Dean is standing in the back of the truck as they speed away, one hand braced on the Howitzer cannon, which now rests at a distinct tilt. Shotgun in hand, eyes on the charred earth and moon craters and gore as orange as homemade napalm splattered across the whole scene, Dean breathes out for the first time in what feels like days.

"What the living fuck," Burt says in a gravelly voice.

Dean looks down to see him blinking away on the floor of the truck bed, an expression of such perfectly enraged bafflement on his face that Dean is surprised into an actual laugh. He looks immediately to Sam and his brother grins from where he crouches near Earl's mutilated leg. The crash when their gazes come together bears all the earmarks of a sucker punch, but Dean is high on adrenaline and triumph, and he can't feel anything but the thrill.

*

Dean hops into the Impala and follows Earl's truck speedily back to the highway. Sam stays to keep an eye on Earl's leg and Burt's likely concussion, and Dean gets to watch his brother moving around in the back of the truck from his cautious following distance, absurd carrot-and-a-stick set-up but he's got to admit that it works; they're making excellent time.

The little county hospital they go to looks like a freakin' plantation house, but that's slightly better than the converted barn Dean was fearing. Earl is rushed into surgery as Sam and Mindy collaborate on a bullshit story about him getting attacked by a mountain lion, being the two least-ass-kicked of their number. The nurse seems to buy it, or maybe she's just bored, it's hard to tell.

Burt, glaze-eyed and woozy while still doing his best to grasp the reins of the situation, herds everyone into the appropriate restroom to wash the gun powder and graboid viscera off. In the men's, Sam wets a paper towel and carefully cleans the blood off Dean's forehead and around his eyes. Dean stands still, not leaning into the steadying hand Sam has on his shoulder, though he is aware that he wants to very much.

"I can't believe I missed the end of the fight," Burt grumbles, testing his fingers around the knot growing on the side of his head.

"You got the first one," Sam tries to reassure him. "Awesome shot with the Howitzer, by the way."

"Hmph. Probably never have a chance to hunt these fuckers again, just wish I'd had a shot at that last one."

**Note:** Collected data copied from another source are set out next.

text \<open>Let \<open>F(u) = \<integral>\<^sub>0\<^sup>u dy / g(y)\<close>. As \<open>g\<close> increases, \<open>F\<close> is concave, so the bounded function
  \<open>h = F \<circ> f\<close> satisfies \<open>h(y) - h(x) \<le> (f(y) - f(x)) / g(f(x))\<close>. Averaging over the jump rates and
  using \<open>\<Gamma>f \<le> -g(f)\<close> yields the drift inequality \<open>P h(x) + 1/\<gamma>\<^sub>x \<le> h(x)\<close> for the jump chain.
  Since \<open>E\<^sub>x \<sigma>\<^sub>n\<^sub>+\<^sub>1 = E\<^sub>x [1/\<gamma>(\<xi>\<^sub>n)]\<close>, telescoping gives \<open>E\<^sub>x \<zeta> \<le> h(x) < \<infinity>\<close>.\<close>

section \<open>Generator and jump chain\<close>

lemma nn_integral_count_space_infsum:
  fixes f :: "'a \<Rightarrow> real"
  assumes "f summable_on A" and "\<And>x. x \<in> A \<Longrightarrow> 0 \<le> f x"
  shows "(\<integral>\<^sup>+x. ennreal (f x) \<partial>count_space A) = ennreal (\<Sum>\<^sub>\<infinity>x\<in>A. f x)"
proof -
  have "Infinite_Set_Sum.abs_summable_on f A"
    using assms abs_summable_equivalent summable_on_iff_abs_summable_on_real by blast
  then show ?thesis
    using nn_integral_conv_infsetsum infsetsum_infsum assms(2) by metis
qed

lemma rate_pos: "qmatrix \<Gamma> \<Longrightarrow> 0 < rate \<Gamma> x"
  unfolding qmatrix_def by auto

lemma jumpP_nonneg: "qmatrix \<Gamma> \<Longrightarrow> 0 \<le> jumpP \<Gamma> x y"
  unfolding qmatrix_def jumpP_def by (auto intro!: divide_nonneg_pos)

lemma summable_on_offdiag_bounded:
  assumes "qmatrix \<Gamma>" and "\<And>y. 0 \<le> h y" and "\<And>y. h y \<le> C"
  shows "(\<lambda>y. \<Gamma> x y * h y) summable_on (UNIV - {x})"
proof (rule summable_on_comparison_test)
  show "(\<lambda>y. \<Gamma> x y * C) summable_on (UNIV - {x})"
    using assms(1) unfolding qmatrix_def by (auto intro: summable_on_cmult_left)
qed (use assms in \<open>auto simp: qmatrix_def intro: mult_left_mono\<close>)

lemma in_Dom_summable_on:
  assumes "qmatrix \<Gamma>" and "in_Dom \<Gamma> f"
  shows "(\<lambda>y. \<Gamma> x y * f y) summable_on (UNIV - {x})"
proof -
  have "(\<lambda>y. norm (\<Gamma> x y * f y)) summable_on (UNIV - {x})"
    using assms unfolding in_Dom_def qmatrix_def
    by (subst summable_on_cong[where g = "\<lambda>y. \<Gamma> x y * \<bar>f y\<bar>"]) (auto simp: abs_mult)
  then show ?thesis
    by (rule abs_summable_summable)
qed
definition utility :: "(profile \<Rightarrow> nat \<Rightarrow> nat set) \<Rightarrow> (profile \<Rightarrow> nat \<Rightarrow> real) \<Rightarrow>
    (nat \<Rightarrow> real) \<Rightarrow> profile \<Rightarrow> nat \<Rightarrow> real" where
  "utility X P vi b i = (\<Sum>j\<in>X b i. vi j) - P b i"

definition deterministically_truthful :: "nat \<Rightarrow> nat \<Rightarrow> (profile \<Rightarrow> nat \<Rightarrow> nat set) \<Rightarrow>
    (profile \<Rightarrow> nat \<Rightarrow> real) \<Rightarrow> bool" where
  "deterministically_truthful k n X P \<longleftrightarrow>
     (\<forall>i<k. \<forall>vi b bi. (\<forall>j<n. 0 \<le> vi j) \<longrightarrow> (\<forall>j<n. 0 \<le> bi j) \<longrightarrow> valid_bids k n b \<longrightarrow>
        utility X P vi (b(i := bi)) i \<le> utility X P vi (b(i := vi)) i)"

definition individually_rational :: "nat \<Rightarrow> nat \<Rightarrow> (profile \<Rightarrow> nat \<Rightarrow> nat set) \<Rightarrow>
    (profile \<Rightarrow> nat \<Rightarrow> real) \<Rightarrow> bool" where
  "individually_rational k n X P \<longleftrightarrow>
     (\<forall>i<k. \<forall>vi b. (\<forall>j<n. 0 \<le> vi j) \<longrightarrow> valid_bids k n b \<longrightarrow>
        0 \<le> utility X P vi (b(i := vi)) i)"

definition concentrated :: "'a measure \<Rightarrow> ('a \<Rightarrow> real) \<Rightarrow> real \<Rightarrow> real \<Rightarrow> bool" where
  "concentrated M X \<epsilon> \<delta> \<longleftrightarrow>
     1 - \<delta> \<le> measure M {\<omega>\<in>space M. (1 - \<epsilon>) * (\<integral>x. X x \<partial>M) < X \<omega> \<and> X \<omega> < (1 + \<epsilon>) * (\<integral>x. X x \<partial>M)}"

end

theory Submission
  imports Defs
begin

text \<open>The mechanism is a VCG mechanism shifted by the reserve: with an optimal allocation,
  bidder \<open>i\<close>'s utility equals the total welfare of the allocation measured in its true values
  minus \<open>r\<close>, so truthfulness and individual rationality follow from welfare maximisation.
  On the event that the welfare \<open>W\<close> reaches the reserve, the payments sum to
  \<open>k r - (k - 1) W\<close>; concentration makes this event likely, and taking expectations gives
  revenue at least \<open>k r (1 - \<delta>) - (k - 1) s \<ge> (1 - k\<epsilon> - k\<delta>) s\<close>.\<close>

lemma Max_bids_ge:
  fixes k :: nat
  assumes "i < k"
  shows "b i j \<le> Max ((\<lambda>i. b i j) ` {..<k})"
  using assms by (intro Max_ge) auto

lemma Max_bids_nonneg:
  fixes k :: nat
  assumes "k \<ge> 1" "valid_bids k n b" "j < n"
  shows "0 \<le> Max ((\<lambda>i. b i j) ` {..<k})"
proof -
  have "0 \<le> b 0 j" using assms unfolding valid_bids_def by simp
  also have "\<dots> \<le> Max ((\<lambda>i. b i j) ` {..<k})" using assms(1) by (intro Max_bids_ge) simp
  finally show ?thesis .
qed
(* Let $K\ge 3$, $d\in\mathbb{N}$, $\eta>0$, and for each $k\in[K]=\{1,\dots,K\}$ let $n_k\in\mathbb{N}$ and points $x^k_1,\dots,x^k_{n_k}\in\mathbb{R}^d$ be given. Indices of marginals are taken cyclically: $K+1$ means $1$ and $0$ means $K$. For $\ell,t\in[K]$ define $\mathcal{K}^{(\ell,t)}\in\mathbb{R}^{n_\ell\times n_t}$ by $\mathcal{K}^{(\ell,t)}_{i,j}=\exp\!\big(-\tfrac1\eta\|x^\ell_i-x^t_j\|_2^2\big)$. Let $\mathcal{K}\in\mathbb{R}^{n_1\times\cdots\times n_K}$ be given by $\mathcal{K}_{i_1,\dots,i_K}=\exp\!\big(-\tfrac1\eta\sum_{k=1}^{K}\|x^k_{i_k}-x^{k+1}_{i_{k+1}}\|_2^2\big)=\prod_{k=1}^K\mathcal{K}^{(k,k+1)}_{i_k,i_{k+1}}$, let $\phi^k\in\mathbb{R}^{n_k}$, $k\in[K]$, be arbitrary vectors and $\Phi_{i_1,\dots,i_K}=\prod_{k=1}^K\phi^k_{i_k}$. For distinct $\ell,t\in[K]$ let $d(\ell,t)=t-\ell$ if $t\ge\ell$ and $d(\ell,t)=K-\ell+t$ otherwise, and define $\alpha^{(\ell,t)}\in\mathbb{R}^{n_\ell\times n_t}$ recursively by $\alpha^{(\ell,t)}=\mathcal{K}^{(\ell,t)}$ if $d(\ell,t)=1$ and $\alpha^{(\ell,t)}=\mathcal{K}^{(\ell,\ell+1)}\big(\phi^{\ell+1}\odot\alpha^{(\ell+1,t)}\big)$ otherwise. Define $\lambda^{(1,k)}\in\mathbb{R}^{n_1\times n_k}$ for $k=2,\dots,K$ by $\lambda^{(1,2)}=\mathcal{K}^{(1,2)}$ and $\lambda^{(1,k)}=\lambda^{(1,k-1)}\big(\phi^{k-1}\odot\mathcal{K}^{(k-1,k)}\big)$ for $k=3,\dots,K$. Then $$P_k(\mathcal{K}\odot\Phi)=\begin{cases}\phi^1\odot\big\langle\mathcal{K}^{(1,2)},\big(\phi^2\odot\alpha^{(2,1)}\big)^{\intercal}\big\rangle, & k=1,\\[2pt] \phi^k\odot\big\langle\alpha^{(k,1)},\big(\phi^1\odot\lambda^{(1,k)}\big)^{\intercal}\big\rangle, & k=2,\dots,K.\end{cases}$$
   Context: $P_k$ denotes the $k$-th marginal projection of a tensor $T\in\mathbb{R}^{n_1\times\cdots\times n_K}$: $[P_k(T)]_{i}=\sum T_{i_1,\dots,i_K}$, the sum over all $i_\ell\in[n_\ell]$, $\ell\neq k$, with $i_k=i$ fixed. $\odot$ between tensors of equal size (and between vectors) is the entrywise product; for a vector $v\in\mathbb{R}^n$ and a matrix $A\in\mathbb{R}^{n\times m}$, $v\odot A$ is the matrix with entries $v_iA_{ij}$. For matrices $G,H\in\mathbb{R}^{n\times m}$, $\langle G,H\rangle\in\mathbb{R}^n$ denotes the inner product along the second dimension: $\langle G,H\rangle_i=\sum_{j=1}^m G_{ij}H_{ij}$. *)

theory Defs
  imports "HOL-Analysis.Analysis"
begin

Dean chuckles, eyelids shut firmly against the gentling swipes of Sam's fingertips through the damp paper. "Wasn't it, like, only yesterday that you were telling us how awful this hunt was the first time?"

Burt grins, kinda sheepishly, rinsing off his trembling hands. "We were trapped the first time. And we didn't know what they were or what could kill 'em, and most of the people were as civilian as it gets--remind me to tell you about Melvin sometime. And I--Heather was there."

Dean feels Sam's fingers stop momentarily, and then resume, hears him asking in a neutral voice, "She made it harder?"

"Having to worry about her getting killed made it harder," Burt says, eyes locked on his own reflection in the mirror. "Even knowing she was better-trained than anybody out there, and even thinking I was probably gonna die too, I still--it still gets to you."

Sam and Dean are quiet. Sam's fingers inch under the collar of Dean's jacket, brushing at the bare skin of his throat. Burt gets this look on his face like suddenly remembering his head injury, and he harrumphs, shaking water off his hands and pulling his battered Atlanta Hawks cap out of his back pocket and onto his head.

"All right, let's go," Burt says gruffly, and Sam and Dean follow him out of the restroom, wet hands dripping.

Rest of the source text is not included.